▶ **TASK DESCRIPTION**
Restate each entry below word for word, without skipping any.

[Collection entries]

(* For any integers $n>m\ge1$, there is no algorithm for SSP (on instances with $n$ jobs and $m$ machines) that is $1$-consistent and $\frac{n-m+1}{\lceil n/m\rceil}$-robust, even in the case where all jobs have equal processing times. In particular, for $m=n/2$, there is no algorithm that is $1$-consistent and $o(n)$-robust.
   Context: Scheduling with Speed Predictions (SSP). An instance consists of $n$ jobs with processing times $p_1,\dots,p_n\ge 0$ and $m$ machines with true speeds $s_1,\dots,s_m>0$; processing job $j$ on machine $i$ takes time $p_j/s_i$. In the partitioning stage the algorithm receives $\mathbf p$ and predicted speeds $\hat{\mathbf s}\ge 0$ (not $\mathbf s$) and partitions the jobs into $m$ possibly empty bags. In the scheduling stage $\mathbf s$ is revealed and each bag is assigned whole to a machine; the makespan is the maximum over machines $i$ of (total processing time assigned to $i$)$/s_i$. $opt(\mathbf p,\mathbf s)$ is the minimum makespan of assigning individual jobs knowing $\mathbf s$; $alg(\mathbf p,\hat{\mathbf s},\mathbf s)$ is the algorithm's makespan. An algorithm is $c$-consistent if $alg(\mathbf p,\mathbf s,\mathbf s)\le c\cdot opt(\mathbf p,\mathbf s)$ for all $\mathbf p,\mathbf s$, and $\beta$-robust if $alg(\mathbf p,\hat{\mathbf s},\mathbf s)\le \beta\cdot opt(\mathbf p,\mathbf s)$ for all $\mathbf p,\hat{\mathbf s},\mathbf s$. *)

theory Defs
  imports Complex_Main "HOL-Library.FuncSet"
begin

text \<open>Jobs are indexed by 0..<n, machines by 0..<m. Processing times and
(true/predicted) speeds are functions nat => real; only indices below n resp. m matter (other values are ignored).\<close>

definition makespan :: "nat \<Rightarrow> nat \<Rightarrow> (nat \<Rightarrow> real) \<Rightarrow> (nat \<Rightarrow> real) \<Rightarrow> (nat \<Rightarrow> nat) \<Rightarrow> real" where
  "makespan n m p s f = Max ((\<lambda>i. (\<Sum>j\<in>{j. j < n \<and> f j = i}. p j) / s i) ` {..<m})"

definition opt :: "nat \<Rightarrow> nat \<Rightarrow> (nat \<Rightarrow> real) \<Rightarrow> (nat \<Rightarrow> real) \<Rightarrow> real" where
  "opt n m p s = Min (makespan n m p s ` ({..<n} \<rightarrow>\<^sub>E {..<m}))"

text \<open>An algorithm is a pair (part, assign): part p shat gives for every job its bag
(bags are 0..<m); assign p shat s gives for every bag the machine it is placed on.\<close>
definition valid_alg :: "nat \<Rightarrow> nat \<Rightarrow>
    ((nat \<Rightarrow> real) \<Rightarrow> (nat \<Rightarrow> real) \<Rightarrow> nat \<Rightarrow> nat) \<Rightarrow>
    ((nat \<Rightarrow> real) \<Rightarrow> (nat \<Rightarrow> real) \<Rightarrow> (nat \<Rightarrow> real) \<Rightarrow> nat \<Rightarrow> nat) \<Rightarrow> bool" where
  "valid_alg n m part assign \<longleftrightarrow>
     (\<forall>p shat. \<forall>j<n. part p shat j < m) \<and>
     (\<forall>p shat s. \<forall>b<m. assign p shat s b < m)"

definition alg :: "nat \<Rightarrow> nat \<Rightarrow>
    ((nat \<Rightarrow> real) \<Rightarrow> (nat \<Rightarrow> real) \<Rightarrow> nat \<Rightarrow> nat) \<Rightarrow>
    ((nat \<Rightarrow> real) \<Rightarrow> (nat \<Rightarrow> real) \<Rightarrow> (nat \<Rightarrow> real) \<Rightarrow> nat \<Rightarrow> nat) \<Rightarrow>
    (nat \<Rightarrow> real) \<Rightarrow> (nat \<Rightarrow> real) \<Rightarrow> (nat \<Rightarrow> real) \<Rightarrow> real" where
  "alg n m part assign p shat s = makespan n m p s (\<lambda>j. assign p shat s (part p shat j))"

definition equal_jobs :: "nat \<Rightarrow> (nat \<Rightarrow> real) \<Rightarrow> bool" where
  "equal_jobs n p \<longleftrightarrow> (\<exists>c\<ge>0. \<forall>j<n. p j = c)"

definition pos_speeds :: "nat \<Rightarrow> (nat \<Rightarrow> real) \<Rightarrow> bool" where
  "pos_speeds m s \<longleftrightarrow> (\<forall>i<m. s i > 0)"

definition nonneg_speeds :: "nat \<Rightarrow> (nat \<Rightarrow> real) \<Rightarrow> bool" where
  "nonneg_speeds m s \<longleftrightarrow> (\<forall>i<m. s i \<ge> 0)"

definition consistent_eq where
  "consistent_eq n m part assign c \<longleftrightarrow>
     (\<forall>p s. equal_jobs n p \<longrightarrow> pos_speeds m s \<longrightarrow>
        alg n m part assign p s s \<le> c * opt n m p s)"

definition robust_eq where
  "robust_eq n m part assign \<beta> \<longleftrightarrow>
     (\<forall>p shat s. equal_jobs n p \<longrightarrow> nonneg_speeds m shat \<longrightarrow> pos_speeds m s \<longrightarrow>
        alg n m part assign p shat s \<le> \<beta> * opt n m p s)"

end

theory Submission
  imports Defs
begin

text \<open>Take \<open>n\<close> unit jobs and predict speed \<open>n - m + 1\<close> for machine 0 and speed 1 for the
  others. If the prediction is correct, the optimum is 1, so a 1-consistent algorithm must put
  \<open>n - m + 1\<close> jobs on machine 0 and one job on every other machine. These \<open>m - 1\<close> single
  jobs lie in distinct bags, which leaves a single bag for the \<open>n - m + 1\<close> jobs of machine 0.
  If all true speeds are 1, this bag alone has load \<open>n - m + 1\<close>, whereas the optimum is
  \<open>\<lceil>n / m\<rceil>\<close>.\<close>

definition jobs_on :: "nat \<Rightarrow> (nat \<Rightarrow> nat) \<Rightarrow> nat \<Rightarrow> nat set" where
  "jobs_on n f i = {j. j < n \<and> f j = i}"

lemma finite_jobs_on [simp]: "finite (jobs_on n f i)"
  by (simp add: jobs_on_def)

lemma equal_jobs_const: "0 \<le> c \<Longrightarrow> equal_jobs n (\<lambda>_. c)"
  by (auto simp: equal_jobs_def)

lemma pos_speeds_const: "0 < c \<Longrightarrow> pos_speeds m (\<lambda>_. c)"
  by (simp add: pos_speeds_def)

lemma load_le_makespan:
  assumes "i < m"
  shows "sum p (jobs_on n f i) / s i \<le> makespan n m p s f"
  unfolding makespan_def jobs_on_def using assms by (intro Max_ge) auto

▶ **REPLY TO THE EXERCISE**
(* For any integers $n>m\ge1$, there is no algorithm for SSP (on instances with $n$ jobs and $m$ machines) that is $1$-consistent and $\frac{n-m+1}{\lceil n/m\rceil}$-robust, even in the case where all jobs have equal processing times. In particular, for $m=n/2$, there is no algorithm that is $1$-consistent and $o(n)$-robust.
   Context: Scheduling with Speed Predictions (SSP). An instance consists of $n$ jobs with processing times $p_1,\dots,p_n\ge 0$ and $m$ machines with true speeds $s_1,\dots,s_m>0$; processing job $j$ on machine $i$ takes time $p_j/s_i$. In the partitioning stage the algorithm receives $\mathbf p$ and predicted speeds $\hat{\mathbf s}\ge 0$ (not $\mathbf s$) and partitions the jobs into $m$ possibly empty bags. In the scheduling stage $\mathbf s$ is revealed and each bag is assigned whole to a machine; the makespan is the maximum over machines $i$ of (total processing time assigned to $i$)$/s_i$. $opt(\mathbf p,\mathbf s)$ is the minimum makespan of assigning individual jobs knowing $\mathbf s$; $alg(\mathbf p,\hat{\mathbf s},\mathbf s)$ is the algorithm's makespan. An algorithm is $c$-consistent if $alg(\mathbf p,\mathbf s,\mathbf s)\le c\cdot opt(\mathbf p,\mathbf s)$ for all $\mathbf p,\mathbf s$, and $\beta$-robust if $alg(\mathbf p,\hat{\mathbf s},\mathbf s)\le \beta\cdot opt(\mathbf p,\mathbf s)$ for all $\mathbf p,\hat{\mathbf s},\mathbf s$. *)

theory Defs
  imports Complex_Main "HOL-Library.FuncSet"
begin

text \<open>Jobs are indexed by 0..<n, machines by 0..<m. Processing times and
(true/predicted) speeds are functions nat => real; only indices below n resp. m matter (other values are ignored).\<close>

definition makespan :: "nat \<Rightarrow> nat \<Rightarrow> (nat \<Rightarrow> real) \<Rightarrow> (nat \<Rightarrow> real) \<Rightarrow> (nat \<Rightarrow> nat) \<Rightarrow> real" where
  "makespan n m p s f = Max ((\<lambda>i. (\<Sum>j\<in>{j. j < n \<and> f j = i}. p j) / s i) ` {..<m})"

definition opt :: "nat \<Rightarrow> nat \<Rightarrow> (nat \<Rightarrow> real) \<Rightarrow> (nat \<Rightarrow> real) \<Rightarrow> real" where
  "opt n m p s = Min (makespan n m p s ` ({..<n} \<rightarrow>\<^sub>E {..<m}))"

text \<open>An algorithm is a pair (part, assign): part p shat gives for every job its bag
(bags are 0..<m); assign p shat s gives for every bag the machine it is placed on.\<close>
definition valid_alg :: "nat \<Rightarrow> nat \<Rightarrow>
    ((nat \<Rightarrow> real) \<Rightarrow> (nat \<Rightarrow> real) \<Rightarrow> nat \<Rightarrow> nat) \<Rightarrow>
    ((nat \<Rightarrow> real) \<Rightarrow> (nat \<Rightarrow> real) \<Rightarrow> (nat \<Rightarrow> real) \<Rightarrow> nat \<Rightarrow> nat) \<Rightarrow> bool" where
  "valid_alg n m part assign \<longleftrightarrow>
     (\<forall>p shat. \<forall>j<n. part p shat j < m) \<and>
     (\<forall>p shat s. \<forall>b<m. assign p shat s b < m)"

definition alg :: "nat \<Rightarrow> nat \<Rightarrow>
    ((nat \<Rightarrow> real) \<Rightarrow> (nat \<Rightarrow> real) \<Rightarrow> nat \<Rightarrow> nat) \<Rightarrow>
    ((nat \<Rightarrow> real) \<Rightarrow> (nat \<Rightarrow> real) \<Rightarrow> (nat \<Rightarrow> real) \<Rightarrow> nat \<Rightarrow> nat) \<Rightarrow>
    (nat \<Rightarrow> real) \<Rightarrow> (nat \<Rightarrow> real) \<Rightarrow> (nat \<Rightarrow> real) \<Rightarrow> real" where
  "alg n m part assign p shat s = makespan n m p s (\<lambda>j. assign p shat s (part p shat j))"

definition equal_jobs :: "nat \<Rightarrow> (nat \<Rightarrow> real) \<Rightarrow> bool" where
  "equal_jobs n p \<longleftrightarrow> (\<exists>c\<ge>0. \<forall>j<n. p j = c)"

definition pos_speeds :: "nat \<Rightarrow> (nat \<Rightarrow> real) \<Rightarrow> bool" where
  "pos_speeds m s \<longleftrightarrow> (\<forall>i<m. s i > 0)"

definition nonneg_speeds :: "nat \<Rightarrow> (nat \<Rightarrow> real) \<Rightarrow> bool" where
  "nonneg_speeds m s \<longleftrightarrow> (\<forall>i<m. s i \<ge> 0)"

definition consistent_eq where
  "consistent_eq n m part assign c \<longleftrightarrow>
     (\<forall>p s. equal_jobs n p \<longrightarrow> pos_speeds m s \<longrightarrow>
        alg n m part assign p s s \<le> c * opt n m p s)"

definition robust_eq where
  "robust_eq n m part assign \<beta> \<longleftrightarrow>
     (\<forall>p shat s. equal_jobs n p \<longrightarrow> nonneg_speeds m shat \<longrightarrow> pos_speeds m s \<longrightarrow>
        alg n m part assign p shat s \<le> \<beta> * opt n m p s)"

end

theory Submission
  imports Defs
begin

text \<open>Take \<open>n\<close> unit jobs and predict speed \<open>n - m + 1\<close> for machine 0 and speed 1 for the
  others. If the prediction is correct, the optimum is 1, so a 1-consistent algorithm must put
  \<open>n - m + 1\<close> jobs on machine 0 and one job on every other machine. These \<open>m - 1\<close> single
  jobs lie in distinct bags, which leaves a single bag for the \<open>n - m + 1\<close> jobs of machine 0.
  If all true speeds are 1, this bag alone has load \<open>n - m + 1\<close>, whereas the optimum is
  \<open>\<lceil>n / m\<rceil>\<close>.\<close>

definition jobs_on :: "nat \<Rightarrow> (nat \<Rightarrow> nat) \<Rightarrow> nat \<Rightarrow> nat set" where
  "jobs_on n f i = {j. j < n \<and> f j = i}"

lemma finite_jobs_on [simp]: "finite (jobs_on n f i)"
  by (simp add: jobs_on_def)

lemma equal_jobs_const: "0 \<le> c \<Longrightarrow> equal_jobs n (\<lambda>_. c)"
  by (auto simp: equal_jobs_def)

lemma pos_speeds_const: "0 < c \<Longrightarrow> pos_speeds m (\<lambda>_. c)"
  by (simp add: pos_speeds_def)

lemma load_le_makespan:
  assumes "i < m"
  shows "sum p (jobs_on n f i) / s i \<le> makespan n m p s f"
  unfolding makespan_def jobs_on_def using assms by (intro Max_ge) auto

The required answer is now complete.